Start of SOURCE INFORMATION
(* Let $N\ge1$, $K>0$, $r_1,\dots,r_N$ real numbers, $(\mu_{ij})_{1\le i,j\le N}$ a real matrix and $\Psi_1,\dots,\Psi_N:\mathbb{R}^N\to\mathbb{R}$. Assume: (H1) $r_i>0$ for all $i$; $(\mu_{ij})$ is nonnegative, symmetric and irreducible; each $\Psi_i$ is locally Lipschitz on $\mathbb{R}^N$, $\Psi_i(0)=0$, and $\Psi_i$ is monotone increasing with respect to the componentwise order of $\mathbb{R}^N$; (H2) for each $i$ there exist positive constants $R_i,k_i,c_i$ such that $c_i\left(\sum_{j=1}^N v_j\right)^{k_i}\le\Psi_i(v)$ for all $v\in[0,\infty)^N$ with $\sum_{j=1}^N|v_j|\ge R_i$; (H3) for all $i$, $\sum_{j=1}^N\mu_{ij}\le \frac{r_i}{2}$. Then there exists a positive stationary solution $\bar v$ (i.e. $\bar v_i>0$ for all $i$) of the system $$\frac{dv_i}{dt}=v_i\left[r_i-\frac{1}{K}\Psi_i(v)\right]+\sum_{j=1}^N\mu_{ij}(v_j-v_i),\qquad i=1,\dots,N.$$
   Context: A stationary solution is a vector at which the right-hand side of the system vanishes for every $i$. *)

theory Defs
  imports "HOL-Analysis.Analysis"
begin

definition irreducible_matrix :: "real ^ 'n ^ 'n \<Rightarrow> bool" where
  "irreducible_matrix M \<longleftrightarrow>
     \<not> (\<exists>I :: 'n set. I \<noteq> {} \<and> I \<noteq> UNIV \<and> (\<forall>i\<in>I. \<forall>j. j \<notin> I \<longrightarrow> M $ i $ j = 0))"

definition locally_lipschitz :: "(real ^ 'n \<Rightarrow> real) \<Rightarrow> bool" where
  "locally_lipschitz f \<longleftrightarrow>
     (\<forall>x. \<exists>e>0. \<exists>L. \<forall>y\<in>ball x e. \<forall>z\<in>ball x e. \<bar>f y - f z\<bar> \<le> L * dist y z)"

definition componentwise_mono :: "(real ^ 'n \<Rightarrow> real) \<Rightarrow> bool" where
  "componentwise_mono f \<longleftrightarrow> (\<forall>x y. (\<forall>j. x $ j \<le> y $ j) \<longrightarrow> f x \<le> f y)"

definition rhs :: "real \<Rightarrow> real ^ 'n \<Rightarrow> real ^ 'n ^ 'n \<Rightarrow> ('n \<Rightarrow> real ^ 'n \<Rightarrow> real)
                   \<Rightarrow> real ^ 'n \<Rightarrow> 'n \<Rightarrow> real" where
  "rhs K r mu Psi v i = v $ i * (r $ i - (1 / K) * Psi i v) + (\<Sum>j\<in>UNIV. mu $ i $ j * (v $ j - v $ i))"

definition stationary :: "real \<Rightarrow> real ^ 'n \<Rightarrow> real ^ 'n ^ 'n \<Rightarrow> ('n \<Rightarrow> real ^ 'n \<Rightarrow> real)
                   \<Rightarrow> real ^ 'n \<Rightarrow> bool" where
  "stationary K r mu Psi v \<longleftrightarrow> (\<forall>i. rhs K r mu Psi v i = 0)"

end

theory Submission
  imports Defs "HOL-Real_Asymp.Real_Asymp"
begin

text \<open>A stationary point is found as a solution of the variational inequality of the vector
field on the slab of nonnegative vectors with total mass between s and S, which exists by
Brouwer's theorem applied to v \<mapsto> proj (v + F v). For s small the logistic terms make the
total mass grow (Psi i is close to Psi i 0 = 0), for S large (H2) they make it shrink; since the
symmetric migration terms cancel in the total mass, the solution lies on neither face and is
a zero of the field. Irreducibility then rules out vanishing components.\<close>

lemma locally_lipschitz_imp_continuous_on:
  assumes "locally_lipschitz f"
  shows "continuous_on UNIV f"
proof -
  have "isCont f x" for x
  proof -
    obtain e L where "e > 0" and L: "\<forall>y\<in>ball x e. \<forall>z\<in>ball x e. \<bar>f y - f z\<bar> \<le> L * dist y z"
      using assms unfolding locally_lipschitz_def by blast
    have "\<bar>f y - f z\<bar> \<le> max L 0 * dist y z" if "y \<in> ball x e" "z \<in> ball x e" for y z
      using L that by (meson max.cobounded1 mult_right_mono order_trans zero_le_dist)
    then have "(max L 0)-lipschitz_on (ball x e) f"
      by (intro lipschitz_onI) (auto simp: dist_real_def)
    then have "continuous_on (ball x e) f" by (rule lipschitz_on_continuous_on)
    then show ?thesis using \<open>e > 0\<close> by (intro continuous_on_interior) auto
  qed
  then show ?thesis by (simp add: continuous_at_imp_continuous_on)
qed

lemma variational_inequality_solution_exists:
  fixes F :: "'a::euclidean_space \<Rightarrow> 'a"
  assumes "compact D" "convex D" "D \<noteq> {}" "continuous_on D F"
  shows "\<exists>v\<in>D. \<forall>y\<in>D. inner (F v) (y - v) \<le> 0"
proof -
  have "closed D" using \<open>compact D\<close> by (rule compact_imp_closed)
  define f where "f v = closest_point D (v + F v)" for v
  have "\<exists>v\<in>D. f v = v"
  proof (rule brouwer[OF assms(1-3)])
    show "continuous_on D f" unfolding f_def
      by (intro continuous_on_compose2[OF continuous_on_closest_point[OF assms(2) \<open>closed D\<close> assms(3)]]
          continuous_intros assms(4)) auto
    show "f \<in> D \<rightarrow> D" unfolding f_def using closest_point_in_set[OF \<open>closed D\<close> assms(3)] by blast
  qed blast
  then obtain v where "v \<in> D" "f v = v" by blast
  moreover have "inner (F v) (y - v) \<le> 0" if "y \<in> D" for y
    using closest_point_dot[OF assms(2) \<open>closed D\<close> that, of "v + F v"] \<open>f v = v\<close> by (simp add: f_def)
  ultimately show ?thesis by blast
qed

definition simplex_slab :: "real \<Rightarrow> real \<Rightarrow> (real ^ 'n) set" where
  "simplex_slab s S = {v. (\<forall>j. 0 \<le> v $ j) \<and> s \<le> (\<Sum>j\<in>UNIV. v $ j) \<and> (\<Sum>j\<in>UNIV. v $ j) \<le> S}"

lemma compact_simplex_slab: "compact (simplex_slab s S)"
proof -
  have "closed (simplex_slab s S)" unfolding simplex_slab_def
    by (intro closed_Collect_conj closed_Collect_all closed_Collect_le continuous_intros)
  moreover have "norm v \<le> S" if "v \<in> simplex_slab s S" for v
    using norm_le_l1_cart[of v] that by (simp add: simplex_slab_def)
  then have "bounded (simplex_slab s S)" by (auto simp: bounded_iff)
  ultimately show ?thesis by (simp add: compact_eq_bounded_closed)
qed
End of SOURCE INFORMATION
TASK GOAL: Nothing in the records should change when you repeat them all.

ANSWER SECTION:
(* Let $N\ge1$, $K>0$, $r_1,\dots,r_N$ real numbers, $(\mu_{ij})_{1\le i,j\le N}$ a real matrix and $\Psi_1,\dots,\Psi_N:\mathbb{R}^N\to\mathbb{R}$. Assume: (H1) $r_i>0$ for all $i$; $(\mu_{ij})$ is nonnegative, symmetric and irreducible; each $\Psi_i$ is locally Lipschitz on $\mathbb{R}^N$, $\Psi_i(0)=0$, and $\Psi_i$ is monotone increasing with respect to the componentwise order of $\mathbb{R}^N$; (H2) for each $i$ there exist positive constants $R_i,k_i,c_i$ such that $c_i\left(\sum_{j=1}^N v_j\right)^{k_i}\le\Psi_i(v)$ for all $v\in[0,\infty)^N$ with $\sum_{j=1}^N|v_j|\ge R_i$; (H3) for all $i$, $\sum_{j=1}^N\mu_{ij}\le \frac{r_i}{2}$. Then there exists a positive stationary solution $\bar v$ (i.e. $\bar v_i>0$ for all $i$) of the system $$\frac{dv_i}{dt}=v_i\left[r_i-\frac{1}{K}\Psi_i(v)\right]+\sum_{j=1}^N\mu_{ij}(v_j-v_i),\qquad i=1,\dots,N.$$
   Context: A stationary solution is a vector at which the right-hand side of the system vanishes for every $i$. *)

theory Defs
  imports "HOL-Analysis.Analysis"
begin

definition irreducible_matrix :: "real ^ 'n ^ 'n \<Rightarrow> bool" where
  "irreducible_matrix M \<longleftrightarrow>
     \<not> (\<exists>I :: 'n set. I \<noteq> {} \<and> I \<noteq> UNIV \<and> (\<forall>i\<in>I. \<forall>j. j \<notin> I \<longrightarrow> M $ i $ j = 0))"

definition locally_lipschitz :: "(real ^ 'n \<Rightarrow> real) \<Rightarrow> bool" where
  "locally_lipschitz f \<longleftrightarrow>
     (\<forall>x. \<exists>e>0. \<exists>L. \<forall>y\<in>ball x e. \<forall>z\<in>ball x e. \<bar>f y - f z\<bar> \<le> L * dist y z)"

definition componentwise_mono :: "(real ^ 'n \<Rightarrow> real) \<Rightarrow> bool" where
  "componentwise_mono f \<longleftrightarrow> (\<forall>x y. (\<forall>j. x $ j \<le> y $ j) \<longrightarrow> f x \<le> f y)"

definition rhs :: "real \<Rightarrow> real ^ 'n \<Rightarrow> real ^ 'n ^ 'n \<Rightarrow> ('n \<Rightarrow> real ^ 'n \<Rightarrow> real)
                   \<Rightarrow> real ^ 'n \<Rightarrow> 'n \<Rightarrow> real" where
  "rhs K r mu Psi v i = v $ i * (r $ i - (1 / K) * Psi i v) + (\<Sum>j\<in>UNIV. mu $ i $ j * (v $ j - v $ i))"

definition stationary :: "real \<Rightarrow> real ^ 'n \<Rightarrow> real ^ 'n ^ 'n \<Rightarrow> ('n \<Rightarrow> real ^ 'n \<Rightarrow> real)
                   \<Rightarrow> real ^ 'n \<Rightarrow> bool" where
  "stationary K r mu Psi v \<longleftrightarrow> (\<forall>i. rhs K r mu Psi v i = 0)"

end

theory Submission
  imports Defs "HOL-Real_Asymp.Real_Asymp"
begin

text \<open>A stationary point is found as a solution of the variational inequality of the vector
field on the slab of nonnegative vectors with total mass between s and S, which exists by
Brouwer's theorem applied to v \<mapsto> proj (v + F v). For s small the logistic terms make the
total mass grow (Psi i is close to Psi i 0 = 0), for S large (H2) they make it shrink; since the
symmetric migration terms cancel in the total mass, the solution lies on neither face and is
a zero of the field. Irreducibility then rules out vanishing components.\<close>

lemma locally_lipschitz_imp_continuous_on:
  assumes "locally_lipschitz f"
  shows "continuous_on UNIV f"
proof -
  have "isCont f x" for x
  proof -
    obtain e L where "e > 0" and L: "\<forall>y\<in>ball x e. \<forall>z\<in>ball x e. \<bar>f y - f z\<bar> \<le> L * dist y z"
      using assms unfolding locally_lipschitz_def by blast
    have "\<bar>f y - f z\<bar> \<le> max L 0 * dist y z" if "y \<in> ball x e" "z \<in> ball x e" for y z
      using L that by (meson max.cobounded1 mult_right_mono order_trans zero_le_dist)
    then have "(max L 0)-lipschitz_on (ball x e) f"
      by (intro lipschitz_onI) (auto simp: dist_real_def)
    then have "continuous_on (ball x e) f" by (rule lipschitz_on_continuous_on)
    then show ?thesis using \<open>e > 0\<close> by (intro continuous_on_interior) auto
  qed
  then show ?thesis by (simp add: continuous_at_imp_continuous_on)
qed

lemma variational_inequality_solution_exists:
  fixes F :: "'a::euclidean_space \<Rightarrow> 'a"
  assumes "compact D" "convex D" "D \<noteq> {}" "continuous_on D F"
  shows "\<exists>v\<in>D. \<forall>y\<in>D. inner (F v) (y - v) \<le> 0"
proof -
  have "closed D" using \<open>compact D\<close> by (rule compact_imp_closed)
  define f where "f v = closest_point D (v + F v)" for v
  have "\<exists>v\<in>D. f v = v"
  proof (rule brouwer[OF assms(1-3)])
    show "continuous_on D f" unfolding f_def
      by (intro continuous_on_compose2[OF continuous_on_closest_point[OF assms(2) \<open>closed D\<close> assms(3)]]
          continuous_intros assms(4)) auto
    show "f \<in> D \<rightarrow> D" unfolding f_def using closest_point_in_set[OF \<open>closed D\<close> assms(3)] by blast
  qed blast
  then obtain v where "v \<in> D" "f v = v" by blast
  moreover have "inner (F v) (y - v) \<le> 0" if "y \<in> D" for y
    using closest_point_dot[OF assms(2) \<open>closed D\<close> that, of "v + F v"] \<open>f v = v\<close> by (simp add: f_def)
  ultimately show ?thesis by blast
qed

definition simplex_slab :: "real \<Rightarrow> real \<Rightarrow> (real ^ 'n) set" where
  "simplex_slab s S = {v. (\<forall>j. 0 \<le> v $ j) \<and> s \<le> (\<Sum>j\<in>UNIV. v $ j) \<and> (\<Sum>j\<in>UNIV. v $ j) \<le> S}"

lemma compact_simplex_slab: "compact (simplex_slab s S)"
proof -
  have "closed (simplex_slab s S)" unfolding simplex_slab_def
    by (intro closed_Collect_conj closed_Collect_all closed_Collect_le continuous_intros)
  moreover have "norm v \<le> S" if "v \<in> simplex_slab s S" for v
    using norm_le_l1_cart[of v] that by (simp add: simplex_slab_def)
  then have "bounded (simplex_slab s S)" by (auto simp: bounded_iff)
  ultimately show ?thesis by (simp add: compact_eq_bounded_closed)
qed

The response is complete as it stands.